The frequencies they use don't involve photons that can break bonds, and they
don't have enough energy for heat damage.

The open question is whether or not there are either unknown ways it can harm
cells. An unknown direct harm method is probably unlikely. There have been
enough studies that we would have spotted it.

An unknown _indirect_ harm, though, is harder to rule out. An indirect harm
would be something like it can't _cause_ cancer, but if a cell goes cancerous
for some other reason the electromagnetic radiation interferes with the body's
mechanisms for detecting and fixing or killing the cancer cell.

Keep in mind that even if these things do increase risk, either by some
unknown direct mechanism, or by an unknown indirect mechanism, we can say that
the risk increase is low. You probably do dozens of other things a day with
similar or more risk that you could avoid.

Bottom line: if you want to have a wireless device next to your head all day
for convenience or out of work necessity, no one can really say you are being
foolish or cavalier toward you health. But if you decide to minimize such
device usage, no one can really say you are worried over nothing.

------
dennisgorelik
> I do basically no videoconferencing. Screensharing is great, and critical.
> But typically I find video distracting.
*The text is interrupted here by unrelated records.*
(* Let $\mathbf{K}$ be an algebraically closed field and let $f,g\in\mathrm{Aut}(\mathbb G_m^2)$ be two loxodromic automorphisms of the algebraic torus $\mathbb G_m^2$ over $\mathbf{K}$. Then $\mathrm{Per}(f)\cap\mathrm{Per}(g)\neq\emptyset$ if and only if $\mathrm{Per}(f)=\mathrm{Per}(g)$.
   Context: Every $\mathbf{K}$-automorphism of $\mathbb G_m^2$ has the form $(x,y)\mapsto(\alpha x^ay^b,\beta x^cy^d)$ with $\alpha,\beta\in\mathbf{K}^\times$ and $\begin{pmatrix}a&b\\c&d\end{pmatrix}\in\mathrm{GL}_2(\mathbf Z)$. An automorphism is loxodromic if its first dynamical degree $\lambda_1(f)=\lim_N((f^N)^*H\cdot H)^{1/N}$ (for $H$ ample on a projective completion) is $>1$. $\mathrm{Per}(f)$ is the set of periodic points of $f$. *)

theory Defs
  imports Complex_Main "HOL-Computational_Algebra.Polynomial"
begin

definition torus :: "('k::field \<times> 'k) set" where
  "torus = {(x, y). x \<noteq> 0 \<and> y \<noteq> 0}"

text \<open>Integer 2x2 matrices as quadruples (a,b,c,d) = [[a,b],[c,d]].\<close>
type_synonym imat2 = "int \<times> int \<times> int \<times> int"

definition imat2_det :: "imat2 \<Rightarrow> int" where
  "imat2_det M = (case M of (a, b, c, d) \<Rightarrow> a * d - b * c)"

definition imat2_mult :: "imat2 \<Rightarrow> imat2 \<Rightarrow> imat2" where
  "imat2_mult M M' = (case M of (a, b, c, d) \<Rightarrow> case M' of (a', b', c', d') \<Rightarrow>
     (a * a' + b * c', a * b' + b * d', c * a' + d * c', c * b' + d * d'))"

definition imat2_pow :: "imat2 \<Rightarrow> nat \<Rightarrow> imat2" where
  "imat2_pow M n = ((imat2_mult M) ^^ n) (1, 0, 0, 1)"

definition tmap :: "'k::field \<Rightarrow> 'k \<Rightarrow> imat2 \<Rightarrow> 'k \<times> 'k \<Rightarrow> 'k \<times> 'k" where
  "tmap \<alpha> \<beta> M p = (case M of (a, b, c, d) \<Rightarrow> case p of (x, y) \<Rightarrow>
     (\<alpha> * x powi a * y powi b, \<beta> * x powi c * y powi d))"

definition is_torus_aut :: "'k::field \<Rightarrow> 'k \<Rightarrow> imat2 \<Rightarrow> bool" where
  "is_torus_aut \<alpha> \<beta> M \<longleftrightarrow> \<alpha> \<noteq> 0 \<and> \<beta> \<noteq> 0 \<and> \<bar>imat2_det M\<bar> = 1"

definition Per :: "('k::field \<times> 'k \<Rightarrow> 'k \<times> 'k) \<Rightarrow> ('k \<times> 'k) set" where
  "Per f = {p \<in> torus. \<exists>n::nat. n \<ge> 1 \<and> (f ^^ n) p = p}"

text \<open>Degree of a monomial map with exponent matrix M, viewed as a rational
  self-map of P^2 \<supseteq> G_m^2; equals (f^* H \<cdot> H) for H a line in P^2.
  Homogenising (1, x^a y^b, x^c y^d) gives exponent vectors
  (0,0,0), (-a-b,a,b), (-c-d,c,d); clearing denominators gives this degree.\<close>
definition mono_deg :: "imat2 \<Rightarrow> int" where
  "mono_deg M = (case M of (a, b, c, d) \<Rightarrow>
     max 0 (max (a + b) (c + d)) - min 0 (min a c) - min 0 (min b d))"

text \<open>First dynamical degree: lim_N ((f^N)^* H \<cdot> H)^(1/N); f^N is monomial with matrix M^N.\<close>
definition lambda1 :: "imat2 \<Rightarrow> real" where
  "lambda1 M = lim (\<lambda>N. real_of_int (mono_deg (imat2_pow M N)) powr (1 / real N))"

definition loxodromic :: "imat2 \<Rightarrow> bool" where
  "loxodromic M \<longleftrightarrow> lambda1 M > 1"

end

(*
  Write f = tmap alpha beta M as a translation composed with the monomial map of M, so that
  f^n (p z) = f^n(p) M^n(z).  If tr(M^2) <= 2, the powers of M, given by Cayley-Hamilton
  through Lucas sequences, grow at most linearly, hence so does the degree of f^n and
  lambda1 = 1.  So a loxodromic M has tr(M^2) >= 3, and then tr(M^(2k)) >= 3, that is
  det(M^(2k) - 1) is nonzero, for all k >= 1.
  Given one periodic point p, any other periodic point is q = p z with z fixed by a monomial
  map whose matrix minus the identity is invertible, which forces z to be torsion; conversely
  a monomial automorphism permutes the finitely many torsion points of a given order, so
  p z is periodic for torsion z.  Thus Per(f) is the coset of the torsion subgroup through
  any of its points, and two such sets that meet are equal.  Per(f) is nonempty because over
  an algebraically closed field a monomial map of nonzero determinant is surjective, which
  yields a fixed point of f^2.
*)

theory Submission
  imports Defs "HOL-Real_Asymp.Real_Asymp"
begin

definition imat2_trace :: "imat2 \<Rightarrow> int" where
  "imat2_trace M = (case M of (a, b, c, d) \<Rightarrow> a + d)"

definition imat2_adj :: "imat2 \<Rightarrow> imat2" where
  "imat2_adj M = (case M of (a, b, c, d) \<Rightarrow> (d, - b, - c, a))"

definition imat2_sub_id :: "imat2 \<Rightarrow> imat2" where
  "imat2_sub_id M = (case M of (a, b, c, d) \<Rightarrow> (a - 1, b, c, d - 1))"

section \<open>Integer 2x2 matrices\<close>

lemma imat2_pow_0 [simp]: "imat2_pow M 0 = (1, 0, 0, 1)"
  by (simp add: imat2_pow_def)

lemma imat2_pow_Suc: "imat2_pow M (Suc n) = imat2_mult M (imat2_pow M n)"
  by (simp add: imat2_pow_def)

lemma imat2_mult_assoc: "imat2_mult (imat2_mult A B) C = imat2_mult A (imat2_mult B C)"
  by (cases A; cases B; cases C) (simp add: imat2_mult_def algebra_simps)

lemma imat2_mult_id_left [simp]: "imat2_mult (1, 0, 0, 1) A = A"
  by (cases A) (simp add: imat2_mult_def)

lemma imat2_mult_id_right [simp]: "imat2_mult A (1, 0, 0, 1) = A"
  by (cases A) (simp add: imat2_mult_def)

lemma imat2_pow_add: "imat2_pow M (m + n) = imat2_mult (imat2_pow M m) (imat2_pow M n)"
  by (induction m) (simp_all add: imat2_pow_Suc imat2_mult_assoc)

lemma imat2_pow_mult: "imat2_pow M (m * n) = imat2_pow (imat2_pow M m) n"
  by (induction n) (simp_all add: imat2_pow_Suc imat2_pow_add)

lemma imat2_det_mult: "imat2_det (imat2_mult A B) = imat2_det A * imat2_det B"
  by (cases A; cases B) (simp add: imat2_mult_def imat2_det_def algebra_simps)

lemma imat2_det_pow: "imat2_det (imat2_pow M n) = imat2_det M ^ n"
  by (induction n) (simp_all add: imat2_det_def[of "(1, 0, 0, 1)"] imat2_pow_Suc imat2_det_mult)

lemma imat2_det_sq: "\<bar>imat2_det M\<bar> = 1 \<Longrightarrow> imat2_det (imat2_pow M 2) = 1"
  by (metis imat2_det_pow power2_abs power_one)

lemma imat2_mult_adj: "imat2_mult M (imat2_adj M) = (imat2_det M, 0, 0, imat2_det M)"
  by (cases M) (simp add: imat2_mult_def imat2_adj_def imat2_det_def)

lemma imat2_adj_mult: "imat2_mult (imat2_adj M) M = (imat2_det M, 0, 0, imat2_det M)"
  by (cases M) (simp add: imat2_mult_def imat2_adj_def imat2_det_def algebra_simps)

lemma imat2_det_sub_id: "imat2_det (imat2_sub_id M) = imat2_det M - imat2_trace M + 1"
  by (cases M) (simp add: imat2_det_def imat2_sub_id_def imat2_trace_def algebra_simps)

fun lucas_U :: "int \<Rightarrow> int \<Rightarrow> nat \<Rightarrow> int" where
  "lucas_U P Q 0 = 0"
| "lucas_U P Q (Suc 0) = 1"
| "lucas_U P Q (Suc (Suc n)) = P * lucas_U P Q (Suc n) - Q * lucas_U P Q n"

lemma imat2_pow_Suc_lucas_U:
  assumes "M = (a, b, c, d)" and "t = imat2_trace M" and "e = imat2_det M"
  shows "imat2_pow M (Suc n) =
    (lucas_U t e (Suc n) * a - e * lucas_U t e n, lucas_U t e (Suc n) * b,
     lucas_U t e (Suc n) * c, lucas_U t e (Suc n) * d - e * lucas_U t e n)"
proof (induction n)
  case 0
  then show ?case using assms by (simp add: imat2_pow_Suc)
next
  case (Suc n)
  then show ?case
    unfolding imat2_pow_Suc[of M "Suc n"] Suc.IH lucas_U.simps
    using assms(1) by (simp add: assms(2,3) imat2_mult_def imat2_trace_def imat2_det_def algebra_simps)
qed

lemma lucas_U_strict_mono:
  assumes "P \<ge> 3"
  shows "0 \<le> lucas_U P 1 n \<and> lucas_U P 1 n < lucas_U P 1 (Suc n)"
proof (induction n)
  case 0
  then show ?case by simp
next
  case (Suc n)
  have "P * lucas_U P 1 (Suc n) \<ge> 3 * lucas_U P 1 (Suc n)"
    using Suc assms by (intro mult_right_mono) auto
  moreover have "lucas_U P 1 (Suc (Suc n)) = P * lucas_U P 1 (Suc n) - lucas_U P 1 n"
    by simp
  ultimately show ?case using Suc by linarith
qed

lemma imat2_trace_pow_ge_3:
  assumes "imat2_det A = 1" and "imat2_trace A \<ge> 3" and "k \<ge> 1"
  shows "imat2_trace (imat2_pow A k) \<ge> 3"
proof -
  obtain n where k: "k = Suc n" using \<open>k \<ge> 1\<close> by (cases k) auto
  obtain a b c d where A: "A = (a, b, c, d)" by (cases A) auto
  define t where "t = imat2_trace A"
  let ?U = "lucas_U t 1"
  have "imat2_trace (imat2_pow A k) = t * ?U (Suc n) - 2 * ?U n"
    using imat2_pow_Suc_lucas_U[OF A t_def refl, of n] assms(1)
    by (simp add: k A t_def imat2_trace_def algebra_simps)
  moreover have "0 \<le> ?U n" "?U n < ?U (Suc n)"
    using lucas_U_strict_mono assms(2) t_def by auto
  moreover have "t * ?U (Suc n) \<ge> 3 * ?U (Suc n)"
    using calculation(2,3) assms(2) t_def by (intro mult_right_mono) auto
  ultimately show ?thesis by linarith
qed

lemma imat2_det_sub_id_pow_neq_0:
  assumes "imat2_det A = 1" and "imat2_trace A \<ge> 3" and "k \<ge> 1"
  shows "imat2_det (imat2_sub_id (imat2_pow A k)) \<noteq> 0"
  using imat2_trace_pow_ge_3[OF assms] assms(1)
  by (simp add: imat2_det_sub_id imat2_det_pow)

section \<open>Non-hyperbolic matrices are not loxodromic\<close>

lemma lucas_U_2_1: "lucas_U 2 1 n = int n"
  by (induction "2::int" "1::int" n rule: lucas_U.induct) auto

lemma lucas_U_minus_2_1: "lucas_U (-2) 1 n = (-1) ^ Suc n * int n"
  by (induction "-2::int" "1::int" n rule: lucas_U.induct) (auto simp: algebra_simps)

lemma abs_le_1_if_abs_periodic:
  fixes f :: "nat \<Rightarrow> int"
  assumes "k > 0" and "\<And>n. \<bar>f (n + k)\<bar> = \<bar>f n\<bar>" and "\<And>n. n < k \<Longrightarrow> \<bar>f n\<bar> \<le> 1"
  shows "\<bar>f n\<bar> \<le> 1"
proof (induction n rule: less_induct)
  case (less n)
  show ?case
  proof (cases "n < k")
    case False
    then obtain m where "n = m + k" by (metis add.commute le_add_diff_inverse not_less)
    then show ?thesis using less.IH[of m] assms(1,2) by simp
  qed (use assms(3) in auto)
qed

lemma lucas_U_abs_le:
  assumes "(Q = 1 \<and> \<bar>P\<bar> \<le> 2) \<or> (Q = -1 \<and> P = 0)"
  shows "\<bar>lucas_U P Q n\<bar> \<le> int n"
proof -
  have small: "\<bar>lucas_U P Q n\<bar> \<le> int n" if "\<bar>lucas_U P Q n\<bar> \<le> 1"
    using that by (cases n) auto
  \<comment> \<open>for \<open>\<bar>P\<bar> \<le> 1\<close> the sequence is periodic up to sign\<close>
  consider "Q = 1" "P = 2" | "Q = 1" "P = -2" | "Q = 1" "P \<in> {-1, 1}" | "Q \<in> {-1, 1}" "P = 0"
    using assms by fastforce
  then show ?thesis
  proof cases
    case 1
    then show ?thesis by (simp add: lucas_U_2_1)
  next
    case 2
    then show ?thesis by (simp add: lucas_U_minus_2_1 abs_mult)
  next
    case 3
    show ?thesis
      by (rule small, rule abs_le_1_if_abs_periodic[where k=3])
        (use 3 in \<open>auto simp: numeral_3_eq_3 less_Suc_eq\<close>)
  next
    case 4
    show ?thesis
      by (rule small, rule abs_le_1_if_abs_periodic[where k=2])
        (use 4 in \<open>auto simp: numeral_2_eq_2 less_Suc_eq\<close>)
  qed
qed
In our remote work we also do not use video, but use screensharing and audio a
lot.

------
Karrot_Kream
Is there a good open source database of people and things like the pBase
Wolfram mentions in this article? I've been thinking of hosting an instance of
Monica myself.

------
Rainymood
Only 1 mention of pBase in this thread so far, I really liked this idea of
having a database of people, I'm wondering if someone has solved this problem
already?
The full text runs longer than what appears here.